Before Woyiq apologized a second time, Toalar had slipped Daye into the cast-off Givin robe. Its sleeves dangled over his hands and
its selvage dragged past his feet, but it covered him.
“Can you stand?” Toalar asked. “Did the bacta take?”
“I’ll try.” Daye gritted his teeth and tried moving his legs. One tracked. The other didn’t. “You’d better carry me.”
“Right,” said Woyiq. “Up you get.” He turned around.
Daye wrapped his arms around the big man’s neck. Woyiq straightened. Daye tried to grip Woyiq’s middle with his legs, but only his right leg functioned. At least his shoulder didn’t hurt as badly as before. “Go,” he grunted.
He hung on until both arms and both shoulders ached, and then he hung on longer. Toalar dashed ahead of Woyiq. Brandishing a blaster, he peered around a corner and waved an all-clear.
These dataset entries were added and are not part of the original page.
lemma End_to_tens_mult_lmult:
  assumes f: "f \<in> carrier E" and r: "r \<in> carrier A"
  shows "tens_eq A B \<iota> (End_to_tens (f \<otimes>\<^bsub>E\<^esub> lm r)) (tract A r (End_to_tens f))"
proof -
  let ?h = "\<lambda>l. dyad (f (xb l)) (yb l \<otimes>\<^bsub>A\<^esub> r)"
  have h: "?h \<in> {..<m} \<rightarrow> carrier E"
    using f r xb_closed yb_closed by (auto intro: dyad_closed simp: End_closed)
  txt \<open>Expand \<open>r w\<close> in the dual basis.\<close>
  have expand: "f \<otimes>\<^bsub>E\<^esub> lm r = finsum E ?h {..<m}"
  proof (rule End_eqI)
    show "f \<otimes>\<^bsub>E\<^esub> lm r \<in> carrier E"
      using f r lmult_closed by simp
    show "finsum E ?h {..<m} \<in> carrier E"
      using E.finsum_closed[OF h] .
    fix w
    assume w: "w \<in> carrier A"
    then have rw: "r \<otimes>\<^bsub>A\<^esub> w \<in> carrier A"
      using r by simp
    have "(f \<otimes>\<^bsub>E\<^esub> lm r) w = f (finsum A (\<lambda>j. xb j \<otimes>\<^bsub>A\<^esub> \<iota> (Ef (yb j \<otimes>\<^bsub>A\<^esub> (r \<otimes>\<^bsub>A\<^esub> w)))) {..<m})"
      using dual_basis_left[OF rw] w by (simp add: End_mult_apply lmult_apply)
    also have "\<dots> = finsum A (\<lambda>j. f (xb j \<otimes>\<^bsub>A\<^esub> \<iota> (Ef (yb j \<otimes>\<^bsub>A\<^esub> (r \<otimes>\<^bsub>A\<^esub> w))))) {..<m}"
      by (rule End_finsum_arg[OF f]) (use xb_closed yb_closed rw in auto)
    also have "\<dots> = finsum A (\<lambda>l. ?h l w) {..<m}"
      by (rule A.finsum_cong') (use f xb_closed yb_closed r w in \<open>auto simp: dyad_apply End_iota A.m_assoc End_closed\<close>)
    also have "\<dots> = (finsum E ?h {..<m}) w"
      using End_finsum_apply[OF h _ w] by simp
    finally show "(f \<otimes>\<^bsub>E\<^esub> lm r) w = (finsum E ?h {..<m}) w" .
  qed
  have "tens_eq A B \<iota> (End_to_tens (f \<otimes>\<^bsub>E\<^esub> lm r)) (concat (map (\<lambda>l. End_to_tens (?h l)) [0..<m]))"
    unfolding expand by (rule End_to_tens_finsum[OF h])
  also have "tens_eq A B \<iota> \<dots> (concat (map (\<lambda>l. [(1, f (xb l), yb l \<otimes>\<^bsub>A\<^esub> r)]) [0..<m]))"
    by (rule tens_eq_concat) (use f xb_closed yb_closed r in \<open>auto intro: End_to_tens_dyad simp: End_closed\<close>)
  also have "\<dots> = tract A r (End_to_tens f)"
    by (simp add: tract_def End_to_tens_def)
  finally show ?thesis .
qed

end

section \<open>Right D2 for \<open>E | A\<close> gives left D2 for \<open>A | B\<close>\<close>

locale frobenius_left_transfer = frobenius_dual_basis +
  T: tensor_retract "End_ring A B \<iota>" A "lmult A" "carrier (End_ring A B \<iota>)" "lmult A ` carrier A" n F G
  for n F G
begin

definition into_EE :: "'a \<Rightarrow> 'a \<Rightarrow> (int \<times> ('a \<Rightarrow> 'a) \<times> ('a \<Rightarrow> 'a)) list" where
  "into_EE a a' = [(1, \<one>\<^bsub>E\<^esub>, dyad a a')]"

definition onto_AA :: "('a \<Rightarrow> 'a) \<Rightarrow> ('a \<Rightarrow> 'a) \<Rightarrow> (int \<times> 'a \<times> 'a) list" where
  "onto_AA e e' = End_to_tens (lm (Ef_rep e) \<otimes>\<^bsub>E\<^esub> e')"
Just as Woyiq followed around that corner, the corridor erupted in blaster fire. Laser blasts splattered the walls. Woyiq spun, and Daye flew off. He hit a wall feet-first. Newly regenerated nerves screamed bloody murder.
White armor appeared at the far end of the passage. “Go!” Daye cried. “I’ll just slow you down!”
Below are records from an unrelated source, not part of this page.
lemma MCMD_hat_eq_sqrt_quad_form:
  assumes inv: "mat_inverse (Ltilde kY \<epsilon> ys) = Some B" and sym: "transpose_mat B = B"
    and len: "length zs = length ys"
  shows "MCMD_hat kZ kY \<epsilon> zs ys x y
    = sqrt (quad_form (length ys) (\<lambda>i j. kZ (zs ! i) (zs ! j))
        (\<lambda>i. (B *\<^sub>v Lvec kY ys x) $ i - (B *\<^sub>v Lvec kY ys y) $ i))"
proof -
  let ?n = "length ys"
  have B: "B \<in> carrier_mat ?n ?n" using mat_inverse(2)[OF Ltilde_carrier inv] by blast
  have K: "gram_mat kZ zs \<in> carrier_mat ?n ?n" using len by (simp add: gram_mat_def)
  have L: "Lvec kY ys z \<in> carrier_vec ?n" for z by (simp add: Lvec_def)
  define v where "v = Lvec kY ys x - Lvec kY ys y"
  have v: "v \<in> carrier_vec ?n" using L by (simp add: v_def)
  have Bv: "B *\<^sub>v v = B *\<^sub>v Lvec kY ys x - B *\<^sub>v Lvec kY ys y"
    by (simp add: v_def mult_minus_distrib_mat_vec[OF B L L])
  have "v \<bullet> ((B * gram_mat kZ zs * B) *\<^sub>v v) = (B *\<^sub>v v) \<bullet> (gram_mat kZ zs *\<^sub>v (B *\<^sub>v v))"
    by (rule scalar_prod_sandwich[OF B sym K v])
  also have "\<dots> = quad_form ?n (\<lambda>i j. gram_mat kZ zs $$ (i, j)) (\<lambda>i. (B *\<^sub>v v) $ i)"
    using B v by (intro scalar_prod_mult_mat_vec_eq_quad_form[OF K]) simp
  also have "\<dots> = quad_form ?n (\<lambda>i j. kZ (zs ! i) (zs ! j))
                    (\<lambda>i. (B *\<^sub>v Lvec kY ys x) $ i - (B *\<^sub>v Lvec kY ys y) $ i)"
    unfolding quad_form_def using B L len by (intro sum.cong refl) (simp add: Bv gram_mat_def)
  finally show ?thesis by (simp add: MCMD_hat_def Let_def inv v_def)
qed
“Good try,” muttered Woyiq as he bent over Daye. “We almost lost you once.” He seized Daye by both arms and heaved him over one shoulder.
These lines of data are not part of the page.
(* Let $\mathfrak v$ be an irreducible $C(m)$-module and $\mathfrak n=\mathfrak v\oplus\mathbb R^m$ the associated Lie algebra of Heisenberg type. Then every proper $C^+(m)$-submodule of $\mathfrak v$ (i.e. one that is non-zero and different from $\mathfrak v$) is a Lagrangian subspace of $\mathfrak v$.
   Context: $C(m)$ is the real Clifford algebra of $\mathbb R^m$ with relations $z^2=-\langle z,z\rangle1$ and $C^+(m)$ its even subalgebra, generated by products of two elements of $\mathbb R^m$. $\mathfrak v$ carries an inner product making each $J_z$ skew-symmetric, and $\mathfrak n=\mathfrak v\oplus\mathbb R^m$ has $\mathbb R^m$ central and bracket $\langle z,[u,v]\rangle=(J_zu,v)$. A Lagrangian subspace is a subspace $\mathcal L\subset\mathfrak v$ with $[\mathcal L,\mathcal L]=0$ and $\dim\mathcal L=\frac12\dim\mathfrak v$. *)

theory Defs
  imports "HOL-Analysis.Analysis"
begin

text \<open>A Clifford module structure of C(m) on the real inner product space 'v, with
  R^m modelled by the Euclidean space 'z: a map J linear in z, with
  J_z^2 = -<z,z> id and each J_z skew-symmetric.\<close>
definition clifford_module :: "('z::euclidean_space \<Rightarrow> 'v::euclidean_space \<Rightarrow> 'v) \<Rightarrow> bool" where
  "clifford_module J \<longleftrightarrow>
     (\<forall>z. linear (J z)) \<and> (\<forall>u. linear (\<lambda>z. J z u)) \<and>
     (\<forall>z u. J z (J z u) = - (z \<bullet> z) *\<^sub>R u) \<and>
     (\<forall>z u w. J z u \<bullet> w = - (u \<bullet> J z w))"

text \<open>C(m)-submodule: subspace invariant under all J_z (which generate C(m)).\<close>
definition cliff_submodule :: "('z::euclidean_space \<Rightarrow> 'v::euclidean_space \<Rightarrow> 'v) \<Rightarrow> 'v set \<Rightarrow> bool" where
  "cliff_submodule J W \<longleftrightarrow> subspace W \<and> (\<forall>z. \<forall>u\<in>W. J z u \<in> W)"

definition irreducible_cliff_module :: "('z::euclidean_space \<Rightarrow> 'v::euclidean_space \<Rightarrow> 'v) \<Rightarrow> bool" where
  "irreducible_cliff_module J \<longleftrightarrow> clifford_module J \<and> (UNIV::'v set) \<noteq> {0} \<and>
     (\<forall>W. cliff_submodule J W \<longrightarrow> W = {0} \<or> W = UNIV)"

text \<open>C^+(m)-submodule: subspace invariant under all products J_z J_w (which generate C^+(m)).\<close>
definition even_cliff_submodule :: "('z::euclidean_space \<Rightarrow> 'v::euclidean_space \<Rightarrow> 'v) \<Rightarrow> 'v set \<Rightarrow> bool" where
  "even_cliff_submodule J W \<longleftrightarrow> subspace W \<and> (\<forall>z w. \<forall>u\<in>W. J z (J w u) \<in> W)"

text \<open>The Lie bracket of n = v + R^m restricted to v: the unique [u,v] in R^m with
  <z,[u,v]> = (J_z u, v) for all z.\<close>
definition heis_bracket :: "('z::euclidean_space \<Rightarrow> 'v::euclidean_space \<Rightarrow> 'v) \<Rightarrow> 'v \<Rightarrow> 'v \<Rightarrow> 'z" where
  "heis_bracket J u v = (\<Sum>b\<in>Basis. (J b u \<bullet> v) *\<^sub>R b)"

definition lagrangian :: "('z::euclidean_space \<Rightarrow> 'v::euclidean_space \<Rightarrow> 'v) \<Rightarrow> 'v set \<Rightarrow> bool" where
  "lagrangian J L \<longleftrightarrow> subspace L \<and> (\<forall>u\<in>L. \<forall>w\<in>L. heis_bracket J u w = 0) \<and>
     2 * dim L = DIM('v)"

end

theory Submission
  imports Defs
begin

(*
  The orthogonal complement of a C^+(m)-submodule W is again one, so the orthogonal
  projection p onto W commutes with C^+(m).  For a unit vector b the symmetric operator
  p - J_b p J_b commutes with every J_z, hence is a scalar c by Schur's lemma.  For w in W
  this makes J_b p J_b w = (1 - c) w a vector of W inside J_b W.  But W and J_b W meet only
  in 0, since their intersection is J_b-invariant and thus a C(m)-submodule.  So p J_b w = 0,
  i.e. J_b W is orthogonal to W, which kills the bracket on W; applying this to W and to its
  orthogonal complement also gives dim W = dim W^perp.
*)

lemma nonpos_if_linear_le_quadratic:
  fixes a b :: real
  assumes "\<And>t. 0 < t \<Longrightarrow> 2 * t * a \<le> t\<^sup>2 * b"
  shows "a \<le> 0"
proof (rule ccontr)
  assume "\<not> a \<le> 0"
  define t where "t = a / (\<bar>b\<bar> + 1)"
  have "0 < t" using \<open>\<not> a \<le> 0\<close> by (simp add: t_def)
  then have "2 * a \<le> t * b" using assms[of t] by (simp add: power2_eq_square)
  also have "t * b \<le> t * \<bar>b\<bar>" using \<open>0 < t\<close> by (simp add: mult_left_mono)
  also have "\<dots> < a" using \<open>\<not> a \<le> 0\<close> by (simp add: t_def field_simps)
  finally show False using \<open>\<not> a \<le> 0\<close> by simp
qed

lemma positive_symmetric_zero_form_imp_zero:
  fixes g :: "'a::real_inner \<Rightarrow> 'a"
  assumes "linear g" and sym: "\<And>x y. g x \<bullet> y = x \<bullet> g y"
    and pos: "\<And>x. 0 \<le> g x \<bullet> x" and "g v \<bullet> v = 0"
  shows "g v = 0"
proof -
  have "2 * t * (g v \<bullet> g v) \<le> t\<^sup>2 * (g (g v) \<bullet> g v)" for t
  proof -
    have "g (v - t *\<^sub>R g v) \<bullet> (v - t *\<^sub>R g v)
        = g v \<bullet> v - 2 * t * (g v \<bullet> g v) + t\<^sup>2 * (g (g v) \<bullet> g v)"
      using sym[of "g v" v] \<open>linear g\<close>
      by (simp add: linear_diff linear_scale inner_commute power2_eq_square algebra_simps)
    then show ?thesis using pos[of "v - t *\<^sub>R g v"] \<open>g v \<bullet> v = 0\<close> by simp
  qed
  then have "g v \<bullet> g v \<le> 0" by (rule nonpos_if_linear_le_quadratic)
  then show ?thesis by (metis antisym inner_ge_zero inner_eq_zero_iff)
qed

lemma symmetric_linear_has_eigenvector:
  fixes f :: "'a::euclidean_space \<Rightarrow> 'a"
  assumes "linear f" and sym: "\<And>x y. f x \<bullet> y = x \<bullet> f y"
  obtains v c where "v \<noteq> 0" and "f v = c *\<^sub>R v"
proof -
  have "continuous_on (sphere 0 1) (\<lambda>x. f x \<bullet> x)"
    using \<open>linear f\<close> by (intro continuous_intros) (simp add: linear_continuous_on linear_linear)
  moreover have "sphere (0::'a) 1 \<noteq> {}" by simp
  ultimately obtain v where v: "v \<in> sphere 0 1" and max: "\<And>y. y \<in> sphere 0 1 \<Longrightarrow> f y \<bullet> y \<le> f v \<bullet> v"
    using continuous_attains_sup[OF compact_sphere] by blast
  define c where "c = f v \<bullet> v"
  define g where "g x = c *\<^sub>R x - f x" for x
  have "linear g"
    unfolding g_def using \<open>linear f\<close>
    by (intro linearI) (simp_all add: linear_add linear_scale algebra_simps)
  moreover have "g x \<bullet> y = x \<bullet> g y" for x y
    unfolding g_def using sym by (simp add: inner_diff_left inner_diff_right inner_commute)
  moreover have "0 \<le> g x \<bullet> x" for x
  proof (cases "x = 0")
    case False
    have "f (x /\<^sub>R norm x) \<bullet> (x /\<^sub>R norm x) \<le> c"
      using max[of "x /\<^sub>R norm x"] False by (simp add: c_def)
    then have "f x \<bullet> x \<le> c * (x \<bullet> x)"
      using False \<open>linear f\<close>
      by (simp add: linear_scale divide_simps power2_norm_eq_inner[symmetric] flip: power2_eq_square)
    then show ?thesis by (simp add: g_def inner_diff_left)
  qed (use \<open>linear g\<close> in \<open>simp add: linear_0\<close>)
  moreover have "g v \<bullet> v = 0"
    using v by (simp add: g_def c_def inner_diff_left dot_square_norm)
  ultimately have "g v = 0" by (rule positive_symmetric_zero_form_imp_zero)
  then show thesis using v that[of v c] by (force simp: g_def)
qed

definition orthogonal_projection :: "'a::euclidean_space set \<Rightarrow> 'a \<Rightarrow> 'a" where
  "orthogonal_projection U x = (THE y. y \<in> U \<and> x - y \<in> U\<^sup>\<bottom>)"

context
  fixes U :: "'a::euclidean_space set"
  assumes U: "subspace U"
begin

lemma orthogonal_projection_eqI:
  assumes "y \<in> U" and "x - y \<in> U\<^sup>\<bottom>"
  shows "orthogonal_projection U x = y"
  unfolding orthogonal_projection_def
proof (rule the_equality)
  fix y' assume y': "y' \<in> U \<and> x - y' \<in> U\<^sup>\<bottom>"
  have "y - y' = (x - y') - (x - y)" by simp
  then have "y - y' \<in> U \<inter> U\<^sup>\<bottom>"
    using assms y' U subspace_orthogonal_comp by (metis IntI subspace_diff)
  then show "y' = y" using orthogonal_Int_0[OF U] by simp
qed (use assms in simp)

lemma orthogonal_projection_id: "x \<in> U \<Longrightarrow> orthogonal_projection U x = x"
  by (simp add: orthogonal_projection_eqI subspace_0 subspace_orthogonal_comp)

lemma orthogonal_projection_in: "orthogonal_projection U x \<in> U"
  and orthogonal_projection_diff_in: "x - orthogonal_projection U x \<in> U\<^sup>\<bottom>"
proof -
  obtain y z where "y \<in> U" "z \<in> U\<^sup>\<bottom>" "x = y + z"
    using subspace_sum_orthogonal_comp[OF U] by (metis UNIV_I set_plus_elim)
  then have "orthogonal_projection U x = y"
    by (intro orthogonal_projection_eqI) simp_all
  with \<open>y \<in> U\<close> \<open>z \<in> U\<^sup>\<bottom>\<close> \<open>x = y + z\<close>
  show "orthogonal_projection U x \<in> U" "x - orthogonal_projection U x \<in> U\<^sup>\<bottom>" by simp_all
qed

lemma linear_orthogonal_projection: "linear (orthogonal_projection U)"
proof (rule linearI)
  fix x y
  have "(x - orthogonal_projection U x) + (y - orthogonal_projection U y) \<in> U\<^sup>\<bottom>"
    by (intro subspace_add subspace_orthogonal_comp orthogonal_projection_diff_in)
  then show "orthogonal_projection U (x + y) = orthogonal_projection U x + orthogonal_projection U y"
    by (intro orthogonal_projection_eqI)
      (simp_all add: U orthogonal_projection_in subspace_add algebra_simps)
next
  fix c :: real and x
  have "c *\<^sub>R (x - orthogonal_projection U x) \<in> U\<^sup>\<bottom>"
    by (intro subspace_scale subspace_orthogonal_comp orthogonal_projection_diff_in)
  then show "orthogonal_projection U (c *\<^sub>R x) = c *\<^sub>R orthogonal_projection U x"
    by (intro orthogonal_projection_eqI)
      (simp_all add: U orthogonal_projection_in subspace_scale algebra_simps)
qed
Daye raised his head to look behind. A stormtrooper dropped into a firing crouch. Woyiq’s shoulder drove into Daye’s stomach. He curled around that shoulder, trying to cushion the gut-pounding bounce — and present a smaller target.
“Stop!” Toalar shouted. Daye raised his head again, tried to orient himself, and felt himself fall. He caught hold of something. Yellow foam sprayed his hands.
“Here they come!” Toalar shouted again.
Woyiq lowered his shoulder and ran at a tightly closed hatch.
Daye squinted to see what he’d activated. It looked like a flame douser, mounted by one clip to the bulkhead. He lunged at the clip and detached it, then scooted backward to lean against the bulkhead. He aimed the thick yellow spray past Woyiq and Toalar up the passage.
A white shape dashed into his line of fire. It arrived upright, went diagonal, and skidded out of sight horizontally. Woyiq presented his other shoulder and rammed the hatch again. It rang like a huge bell. Light appeared along one edge. “You’re through!” Daye cried, holding the spray steady. Another stormtrooper slid into the slime, through it, and past … but now they had troopers on both sides.
Woyiq picked up Daye and pushed him at the narrow opening. Daye reached through, slapping the wall high and low. Something gave. The hatch sprang open. Daye fell through a 90-degree gravity shift and hit the deck again. This time he rolled, absorbing the impact. He was going numb all over.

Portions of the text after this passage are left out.